Board size and firm complexity (individual measures)

Variable Coefficient Standard error P-value

Firm size .139 .0389 0.000*** Asset characteristics .473 .320 0.140 Leverage -.154 .052 0.003*** Current ratio -.510 .217 0.019** Growth -.002 .008 0.822 Board independence .628 .112 0.000*** CEO duality -.939 .111 0.000*** Adjusted R2 0.070 Sample size Highest VIF 1814 2.99

Board size is a continuous variable and will be calculated by the number of board of directors. The dependent variable firm size will be calculated as the logarithm of total assets. Asset characteristics will be calculated as the ratio of net property, plant and equipment. Leverage is the ratio of book value of total debt to book value of assets. Current ratio will be calculated as percentage. Growth is calculated as the market to book ratio. Intangible assets will be calculated as one minus the ratio of net PPE to book value of assets. CEO Duality is a dummy variable which equals one when the CEO also serves as board chairman, zero otherwise.
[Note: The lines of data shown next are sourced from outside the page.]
lemma disc_automorphism_comp:
  assumes f: "disc_automorphism f" and g: "disc_automorphism g"
  shows "disc_automorphism (g \<circ> f)"
proof (rule disc_automorphismI[where g="inv_into disc f \<circ> inv_into disc g"])
  show "(g \<circ> f) holomorphic_on disc"
    by (rule holomorphic_on_compose_gen[OF disc_automorphism_holomorphic(1)[OF f]
        disc_automorphism_holomorphic(1)[OF g]]) (use disc_automorphismD(1)[OF f] in auto)
  show "(inv_into disc f \<circ> inv_into disc g) holomorphic_on disc"
    by (rule holomorphic_on_compose_gen[OF disc_automorphism_holomorphic(2)[OF g]
        disc_automorphism_holomorphic(2)[OF f]]) (use disc_automorphismD(2)[OF g] in auto)
qed (use disc_automorphismD[OF f] disc_automorphismD[OF g] in auto)

lemma disc_automorphism_rotation:
  assumes "norm c = 1"
  shows "disc_automorphism (\<lambda>z. c * z)"
proof (rule disc_automorphismI[where g="\<lambda>z. cnj c * z"])
  have "cnj c * c = 1"
    using complex_norm_square[of c] assms by (simp add: mult.commute)
  then show "\<And>z. cnj c * (c * z) = z" "\<And>z. c * (cnj c * z) = z"
    by (metis mult.assoc mult.commute mult_1)+
qed (auto simp: norm_mult assms intro!: holomorphic_intros)

lemma disc_automorphism_Moebius_function:
  assumes "norm w < 1"
  shows "disc_automorphism (Moebius_function 0 w)"
proof (rule disc_automorphismI[where g="Moebius_function 0 (-w)"])
  have "norm (-w) < 1" using assms by simp
  with assms show "Moebius_function 0 w holomorphic_on disc"
    and "Moebius_function 0 (-w) holomorphic_on disc"
    by (simp_all add: Moebius_function_holomorphic)
  fix z assume "z \<in> disc"
  with assms \<open>norm (-w) < 1\<close> show "Moebius_function 0 w z \<in> disc"
    and "Moebius_function 0 (-w) z \<in> disc"
    and "Moebius_function 0 (-w) (Moebius_function 0 w z) = z"
    and "Moebius_function 0 w (Moebius_function 0 (-w) z) = z"
    by (simp_all add: Moebius_function_norm_lt_1 Moebius_function_compose)
qed

subsection \<open>Product maps of the tridisc\<close>

lemma holomorphic3_on_prod_map:
  assumes "\<And>j. G j holomorphic_on disc"
  shows "holomorphic3_on (prod_map G) tridisc"
  unfolding holomorphic3_on_def
proof
  fix z assume z: "z \<in> tridisc"
  have bl_axis: "bounded_linear (axis j :: complex \<Rightarrow> complex^3)" for j
    by (simp add: linear_conv_bounded_linear[symmetric] linearI axis_def vec_eq_iff)
  have "((\<lambda>z. axis j (G j (z$j))) has_derivative (\<lambda>h. axis j (deriv (G j) (z$j) * h$j))) (at z)"
    for j
  proof -
    have "(G j has_field_derivative deriv (G j) (z$j)) (at (z$j))"
      using assms z by (meson holomorphic_derivI open_ball mem_tridisc_iff)
    then have "(G j has_derivative (\<lambda>x. deriv (G j) (z$j) * x)) (at (z$j))"
      by (rule has_field_derivative_imp_has_derivative)
    from has_derivative_compose[OF bounded_linear_imp_has_derivative[OF bounded_linear_vec_nth] this]
    have "((\<lambda>z. G j (z$j)) has_derivative (\<lambda>h. deriv (G j) (z$j) * h$j)) (at z)"
      by (simp add: o_def)
    then show ?thesis
      using bounded_linear.has_derivative[OF bl_axis] by blast
  qed
  moreover have "prod_map G = (\<lambda>z. \<Sum>j\<in>UNIV. axis j (G j (z$j)))"
    by (simp add: fun_eq_iff prod_map_def vec_eq_iff axis_def sum.If_cases)
  ultimately have "(prod_map G has_derivative (\<lambda>h. \<Sum>j\<in>UNIV. axis j (deriv (G j) (z$j) * h$j))) (at z)"
    by (auto intro: has_derivative_sum)
  moreover have "(\<Sum>j\<in>UNIV. axis j (deriv (G j) (z$j) * (c *s h)$j))
      = c *s (\<Sum>j\<in>UNIV. axis j (deriv (G j) (z$j) * h$j))" for c h
    by (simp add: vec_eq_iff axis_def sum.If_cases)
  ultimately show "\<exists>L. (prod_map G has_derivative L) (at z) \<and> (\<forall>(c::complex) x. L (c *s x) = c *s L x)"
    by blast
qed

lemma holomorphic3_on_cong:
  assumes "holomorphic3_on f S" "open S" "\<And>x. x \<in> S \<Longrightarrow> f x = g x"
  shows "holomorphic3_on g S"
  unfolding holomorphic3_on_def
proof
  fix z assume z: "z \<in> S"
  then obtain L where L: "(f has_derivative L) (at z)" "\<forall>(c::complex) x. L (c *s x) = c *s L x"
    using assms(1) unfolding holomorphic3_on_def by blast
  have "(g has_derivative L) (at z)"
    by (rule has_derivative_transform_within_open[OF L(1) assms(2) z]) (use assms(3) in auto)
  with L(2) show "\<exists>L. (g has_derivative L) (at z) \<and> (\<forall>(c::complex) x. L (c *s x) = c *s L x)"
    by blast
qed

lemma prod_map_mem_tridisc:
  "(\<And>j. disc_automorphism (G j)) \<Longrightarrow> z \<in> tridisc \<Longrightarrow> prod_map G z \<in> tridisc"
  using disc_automorphismD(1) unfolding mem_tridisc_iff prod_map_def by simp

lemma prod_map_inv_into:
  assumes "\<And>j. disc_automorphism (G j)" "z \<in> tridisc"
  shows "prod_map (\<lambda>j. inv_into disc (G j)) (prod_map G z) = z"
    and "prod_map G (prod_map (\<lambda>j. inv_into disc (G j)) z) = z"
  using assms by (simp_all add: mem_tridisc_iff prod_map_def disc_automorphismD vec_eq_iff)

lemma prod_map_comp: "prod_map (\<lambda>j. H j \<circ> G j) = prod_map H \<circ> prod_map G"
  by (simp add: prod_map_def fun_eq_iff)

lemma prod_map_in_Aut_tridisc:
  assumes G: "\<And>j. disc_automorphism (G j)"
  shows "prod_map G \<in> Aut_tridisc"
proof -
  let ?H = "\<lambda>j. inv_into disc (G j)"
  have H: "disc_automorphism (?H j)" for j
    using G disc_automorphism_inv_into by blast
  have bij: "bij_betw (prod_map G) tridisc tridisc"
    by (rule bij_betw_byWitness[where f'="prod_map ?H"])
      (use prod_map_mem_tridisc prod_map_inv_into G H in auto)
  have inv_eq: "prod_map ?H y = inv_into tridisc (prod_map G) y" if "y \<in> tridisc" for y
    by (metis prod_map_mem_tridisc prod_map_inv_into(2) G H bij bij_betw_imp_inj_on inv_into_f_f that)
  have "holomorphic3_on (inv_into tridisc (prod_map G)) tridisc"
    by (rule holomorphic3_on_cong[OF holomorphic3_on_prod_map open_tridisc inv_eq])
      (use disc_automorphism_holomorphic H in auto)
  moreover have "holomorphic3_on (prod_map G) tridisc"
    by (rule holomorphic3_on_prod_map) (use disc_automorphism_holomorphic G in auto)
  ultimately show ?thesis
    using bij unfolding Aut_tridisc_def by blast
qed

lemma prod_map_image_eq:
  assumes G: "\<And>j. disc_automorphism (G j)" and "A \<subseteq> tridisc" "B \<subseteq> tridisc"
    and "\<And>z. z \<in> tridisc \<Longrightarrow> prod_map G z \<in> B \<longleftrightarrow> z \<in> A"
  shows "prod_map G ` A = B"
proof
  show "prod_map G ` A \<subseteq> B" using assms(2,4) by auto
  show "B \<subseteq> prod_map G ` A"
  proof
    fix y assume y: "y \<in> B"
    let ?z = "prod_map (\<lambda>j. inv_into disc (G j)) y"
    have "y \<in> tridisc" using y assms(3) by auto
    then have z: "?z \<in> tridisc" and y_eq: "prod_map G ?z = y"
      using prod_map_mem_tridisc[OF disc_automorphism_inv_into[OF G]] prod_map_inv_into(2)[OF G]
      by auto
    have "?z \<in> A"
      using assms(4)[OF z] y unfolding y_eq by blast
    with y_eq[symmetric] show "y \<in> prod_map G ` A" by (rule image_eqI)
  qed
qed

lemma prod_map_inv_into_image:
  assumes "\<And>j. disc_automorphism (G j)" "A \<subseteq> tridisc"
  shows "prod_map (\<lambda>j. inv_into disc (G j)) ` prod_map G ` A = A"
proof -
  have "(\<lambda>z. prod_map (\<lambda>j. inv_into disc (G j)) (prod_map G z)) ` A = (\<lambda>z. z) ` A"
    using prod_map_inv_into(1)[OF assms(1)] assms(2) by (intro image_cong) auto
  then show ?thesis by (simp add: image_image)
qed

subsection \<open>The defining polynomial under rotations and Moebius maps\<close>

lemma M_poly_rotate:
  fixes u a z :: "complex^3"
  assumes "\<And>j. norm (u$j) = 1"
  defines "c \<equiv> cnj (u$1 * u$2 * u$3)"
  shows "M_poly a (\<chi> j. c * u$j * z$j) = c * M_poly (\<chi> j. a$j * u$j) z"
proof -
  have "u$j * cnj (u$j) = 1" for j
    using complex_norm_square[of "u$j"] assms(1) by simp
  \<comment> \<open>so \<open>c u\<^sub>2 u\<^sub>3 = cnj u\<^sub>1\<close>, and cyclically\<close>
  from this[of 1] this[of 2] this[of 3] show ?thesis
    unfolding M_poly_def c_def by simp algebra
qed

lemma Moebius_triple_identity:
  fixes t1 t2 t3 w1 w2 w3 :: complex
  assumes "t1 + t2 + t3 = t1*t2 + t1*t3 + t2*t3"
    and "1 + t1*w1 \<noteq> 0" "1 + t2*w2 \<noteq> 0" "1 + t3*w3 \<noteq> 0"
  defines "m1 \<equiv> (w1 + t1) / (1 + t1*w1)" and "m2 \<equiv> (w2 + t2) / (1 + t2*w2)"
    and "m3 \<equiv> (w3 + t3) / (1 + t3*w3)"
  shows "m1 + m2 + m3 - (m2*m3 + m1*m3 + m1*m2)
    = ((1+t1)*(1-t2*t3)*(w1 - w2*w3) + (1+t2)*(1-t1*t3)*(w2 - w1*w3) + (1+t3)*(1-t1*t2)*(w3 - w1*w2))
      / ((1 + t1*w1) * (1 + t2*w2) * (1 + t3*w3))"
proof -
  have "N1/E1 + N2/E2 + N3/E3 - (N2/E2*(N3/E3) + N1/E1*(N3/E3) + N1/E1*(N2/E2))
      = (N1*E2*E3 + N2*E1*E3 + N3*E1*E2 - (E1*N2*N3 + E2*N1*N3 + E3*N1*N2)) / (E1*E2*E3)"
    if "E1 \<noteq> 0" "E2 \<noteq> 0" "E3 \<noteq> 0" for N1 N2 N3 E1 E2 E3 :: complex
    using that by (simp add: field_simps)
  moreover have "(w1 + t1)*(1 + t2*w2)*(1 + t3*w3) + (w2 + t2)*(1 + t1*w1)*(1 + t3*w3)
      + (w3 + t3)*(1 + t1*w1)*(1 + t2*w2)
    - ((1 + t1*w1)*(w2 + t2)*(w3 + t3) + (1 + t2*w2)*(w1 + t1)*(w3 + t3)
      + (1 + t3*w3)*(w1 + t1)*(w2 + t2))
    = (1+t1)*(1-t2*t3)*(w1 - w2*w3) + (1+t2)*(1-t1*t3)*(w2 - w1*w3) + (1+t3)*(1-t1*t2)*(w3 - w1*w2)"
    using assms(1) by algebra
  ultimately show ?thesis
    using assms(2-4) unfolding m1_def m2_def m3_def by metis
qed
lemma sub_next_rows_addrow_index:
  assumes "A \<in> carrier_mat n n" "n \<ge> 2" "i < n" "j < n"
  shows "sub_next_rows (n - 2) (addrow (-1) (n - 1) (n - 2) A) $$ (i, j)
    = (if i < n - 2 then A $$ (i, j) - A $$ (Suc i, j)
       else if i = n - 2 then A $$ (i, j) else A $$ (i, j) - A $$ (n - 2, j))"
proof -
  let ?B = "addrow (-1) (n - 1) (n - 2) A"
  have B: "?B \<in> carrier_mat n n"
    using assms(1) by simp
  have B_index: "?B $$ (k, j) = (if k = n - 1 then A $$ (k, j) - A $$ (n - 2, j) else A $$ (k, j))"
    if "k < n" for k
    using that assms(1,4) by auto
  have reduced: "sub_next_rows (n - 2) ?B $$ (i, j)
      = (if i < n - 2 then ?B $$ (i, j) - ?B $$ (Suc i, j) else ?B $$ (i, j))"
    using assms by (intro sub_next_rows_index[OF B]) auto
  show ?thesis
  proof (cases "i < n - 2")
    case True
    then have "Suc i < n" "i \<noteq> n - 1" "Suc i \<noteq> n - 1"
      by auto
    with True show ?thesis
      unfolding reduced B_index[OF assms(3)] B_index[OF \<open>Suc i < n\<close>] by simp
  next
    case False
    with assms(2,3) show ?thesis
      unfolding reduced B_index[OF assms(3)] by auto
  qed
qed

section \<open>The monoid \<open>K\<^sup>\<infinity>\<^sub>n\<close>\<close>

interpretation K: trace_monoid "Kcomm n" for n
  by unfold_locales (auto simp: Kcomm_def)

lemma Kcomm_less_iff:
  assumes "1 \<le> a" "a < b" "b \<le> n"
  shows "Kcomm n a b \<longleftrightarrow> (if b = n then a + 3 \<le> n else Suc a < b)"
  using assms unfolding Kcomm_def by auto
lemma sep_len_sum_ge_ordered:
  fixes p q \<epsilon> :: real
  assumes \<epsilon>: "0 \<le> \<epsilon>" "\<epsilon> \<le> 1/5" and pq: "p \<le> q"
  shows "(p-q)^2/2 - 5*\<epsilon>*(p^2+q^2) \<le> sep_len \<epsilon> 1 p q + sep_len \<epsilon> (-1) p q"
proof -
  note plus = sep_len_ge[OF \<epsilon>, of 1 p q] and minus = sep_len_ge[OF \<epsilon>, of "-1" p q]
  have pos: "0 \<le> \<epsilon> * p^2" "0 \<le> \<epsilon> * q^2" using \<epsilon> by auto
  have sq: "(p-q)^2 = p^2 - 2*(p*q) + q^2" by (simp add: power2_eq_square algebra_simps)
  consider "0 \<le> p" | "q \<le> 0" | "p < 0" "0 < q" by linarith
  then show ?thesis
  proof cases
    case 1
    with pq have "max (max p q) 0 = q" "max (min p q) 0 = p" by (auto simp: max_def min_def)
    then have "q^2 * (1 - 2*\<epsilon>) - p^2 * (1 + 3*\<epsilon>) \<le> sep_len \<epsilon> 1 p q"
      using plus by simp
    moreover have "0 \<le> (q - p) * (q + 3*p)" using 1 pq by simp
    ultimately show ?thesis using pos sep_len_nonneg[of \<epsilon> "-1" p q]
      by (simp add: sq algebra_simps power2_eq_square)
  next
    case 2
    with pq have "max (max (-p) (-q)) 0 = -p" "max (min (-p) (-q)) 0 = -q" by (auto simp: max_def min_def)
    then have "p^2 * (1 - 2*\<epsilon>) - q^2 * (1 + 3*\<epsilon>) \<le> sep_len \<epsilon> (-1) p q"
      using minus by simp
    moreover have "0 \<le> (q - p) * (- p - 3*q)" using 2 pq by simp
    ultimately show ?thesis using pos sep_len_nonneg[of \<epsilon> 1 p q]
      by (simp add: sq algebra_simps power2_eq_square)
  next
    case 3
    then have "q^2 * (1 - 2*\<epsilon>) \<le> sep_len \<epsilon> 1 p q" "p^2 * (1 - 2*\<epsilon>) \<le> sep_len \<epsilon> (-1) p q"
      using plus minus pq by (simp_all add: max_def min_def)
    moreover have "0 \<le> (p + q)^2" by simp
    ultimately show ?thesis using pos by (simp add: sq algebra_simps power2_eq_square)
  qed
qed

lemma sep_len_sum_ge:
  fixes p q \<epsilon> :: real
  assumes "0 \<le> \<epsilon>" "\<epsilon> \<le> 1/5"
  shows "(p-q)^2/2 - 5*\<epsilon>*(p^2+q^2) \<le> sep_len \<epsilon> 1 p q + sep_len \<epsilon> (-1) p q"
  using sep_len_sum_ge_ordered[OF assms, of p q] sep_len_sum_ge_ordered[OF assms, of q p]
  by (cases "p \<le> q") (simp_all add: sep_len_commute power2_commute add.commute)

lemma sep_len_total_ge:
  fixes a b m :: "real^'d"
  assumes R: "0 < R" "norm (a - m) \<le> R" "norm (b - m) \<le> R" and far: "R^2 \<le> 8 * norm (a - b)^2"
    and \<epsilon>: "0 \<le> \<epsilon>" "\<epsilon> \<le> 1/320"
  shows "1/32 \<le> (\<Sum>i\<in>UNIV. sep_len \<epsilon> 1 ((a$i - m$i) / R) ((b$i - m$i) / R)
                        + sep_len \<epsilon> (-1) ((a$i - m$i) / R) ((b$i - m$i) / R))"
proof -
  define p where "p i = (a$i - m$i) / R" for i
  define q where "q i = (b$i - m$i) / R" for i
  have "(p i - q i)^2 = ((a - b)$i)^2 / R^2" "(p i)^2 = ((a - m)$i)^2 / R^2" "(q i)^2 = ((b - m)$i)^2 / R^2" for i
    by (simp_all add: p_def q_def power_divide diff_divide_distrib[symmetric])
  then have sums: "(\<Sum>i\<in>UNIV. (p i - q i)^2) = norm (a - b)^2 / R^2"
      "(\<Sum>i\<in>UNIV. (p i)^2) = norm (a - m)^2 / R^2" "(\<Sum>i\<in>UNIV. (q i)^2) = norm (b - m)^2 / R^2"
    by (simp_all add: norm_pow_2_cart sum_divide_distrib)
  have key: "1/32 \<le> u / 2 - 5 * \<epsilon> * v" if "1/8 \<le> u" "v \<le> 2" for u v
  proof -
    have "5 * \<epsilon> * v \<le> 5 * \<epsilon> * 2" using that(2) \<epsilon> by (intro mult_left_mono) auto
    then show ?thesis using that(1) \<epsilon> by linarith
  qed
  have "1/8 \<le> norm (a - b)^2 / R^2" using far R(1) by (simp add: le_divide_eq)
  moreover have "norm (a - m)^2 / R^2 \<le> 1" "norm (b - m)^2 / R^2 \<le> 1"
    using R by (simp_all add: divide_le_eq power_mono)
  ultimately have "1/32 \<le> (\<Sum>i\<in>UNIV. (p i - q i)^2) / 2 - 5 * \<epsilon> * ((\<Sum>i\<in>UNIV. (p i)^2) + (\<Sum>i\<in>UNIV. (q i)^2))"
    unfolding sums by (intro key) auto
  also have "\<dots> = (\<Sum>i\<in>UNIV. (p i - q i)^2 / 2 - 5 * \<epsilon> * ((p i)^2 + (q i)^2))"
    by (simp add: sum_subtractf sum_divide_distrib sum_distrib_left[symmetric] sum.distrib)
  also have "\<dots> \<le> (\<Sum>i\<in>UNIV. sep_len \<epsilon> 1 (p i) (q i) + sep_len \<epsilon> (-1) (p i) (q i))"
    using \<epsilon> by (intro sum_mono sep_len_sum_ge) auto
  finally show ?thesis by (simp add: p_def q_def)
qed

definition separating_boxes :: "real \<Rightarrow> ('d \<Rightarrow> real) \<Rightarrow> ('d \<Rightarrow> real) \<Rightarrow> 'd choice set" where
  "separating_boxes \<epsilon> p q =
    (\<Union>(i, \<sigma>)\<in>UNIV \<times> {-1, 1}. {i} \<times> ({sep_lo \<epsilon> \<sigma> (p i) (q i)<..<sep_hi \<epsilon> \<sigma> (p i) (q i)} \<times> {\<sigma>}))"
Board independence is also a dummy variable which equals one if at least two-third of directors are

independent. Financial data are averages over the period 2002–2006, gathered from the database COMPUSTAT. The governance data are gathered from ISS (formerly Risk metrics). The sample consists of

1,814 firms.

*, **, *** indicates significance level at respectively 10%, 5% and 1%

A concern with regard to above results is whether the measures of organizational complexity are jointly independent. If firm size, asset characteristics and leverage capture the same dimension of organizational complexity, the results may be biased. The Pearson correlation coefficients which are presented in the first paragraph of this chapter indicate that the complexity variables are correlated and significant at the 1% level. This indicates that these proxies are significantly collinear so including these variables in the same regression will bias the coefficient estimates and test statistics. I will address this in two different ways. First by using principal component analysis to capture one common factor from the variables to extract an organizational complexity factor (FirmComplexity1). The

components will be presented in Table 5. Second by using standardization analysis, which means that all variables will have a mean of 0 and a standard deviation of 1, where the output will be captured and transformed into a new variable (FirmComplexity2).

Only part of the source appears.